To determine the radius.
The inscribed triangle has each side has 12cm. So the angles of an equilateral triangle are 60 deg each.
We can detrmine the radius by (i) applying the sine rule or (ii) By considering distance of the mid point from the centre O of the cicle.e
By sinerule we have:
side/sine of the angle oppsite to the side = 2R.
12/sin(60) = 2R.
2R = 12/((sqrt3)/2)
2R = 12*2/sqrt3 = 24*sqrt3/3
R = 4sqrt3cm.
Let D be the mid point of a side AB of the eqilateral triangle.
Now consider the triangle AOB in which angle AOB = 2angle ACB , as angle subtended by the chord AB at the centre ) is twice the angle subtended by AB at C on the qpposite part of circumference. So angle AOB = 120 degree.

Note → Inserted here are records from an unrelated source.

(* There exists a real Banach space $Y$ such that for every $\varepsilon>0$ there exists an $\varepsilon$-convex set $A$ contained in the closed unit ball of $Y$ with $\mathcal{H}(A,\operatorname{Co}(A))=2$.
   Context: For $\varepsilon>0$, a set $A$ is $\varepsilon$-convex if $d(ta+(1-t)b,A)\le\varepsilon$ for all $a,b\in A$ and $t\in[0,1]$, where $d(x,A)=\inf_{a\in A}\|x-a\|$. $\mathcal{H}$ is the Hausdorff distance and $\operatorname{Co}$ the convex hull. *)

theory Defs
  imports "HOL-Analysis.Analysis"
begin

definition eps_convex :: "real \<Rightarrow> 'a::real_normed_vector set \<Rightarrow> bool" where
  "eps_convex eps A \<longleftrightarrow>
     (\<forall>a\<in>A. \<forall>b\<in>A. \<forall>t\<in>{0..1::real}. infdist (t *\<^sub>R a + (1 - t) *\<^sub>R b) A \<le> eps)"

definition hausdorff_dist :: "'a::metric_space set \<Rightarrow> 'a set \<Rightarrow> ereal" where
  "hausdorff_dist A B =
     max (SUP a\<in>A. ereal (infdist a B)) (SUP b\<in>B. ereal (infdist b A))"

end

theory Submission
  imports Defs
begin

Triangle OAD and OBD are congruent as OD common and ODA = ODB = 90 degree each and AB= BD, as the the line joining the mid point of the chord and the centre is perpendicular to the chord. So Angle AOD = Angle BOD = 120/2 = 60. Therefore triangle DBO is a right angled triangle with angle DOB = 69de and angle ABD = 30 degree.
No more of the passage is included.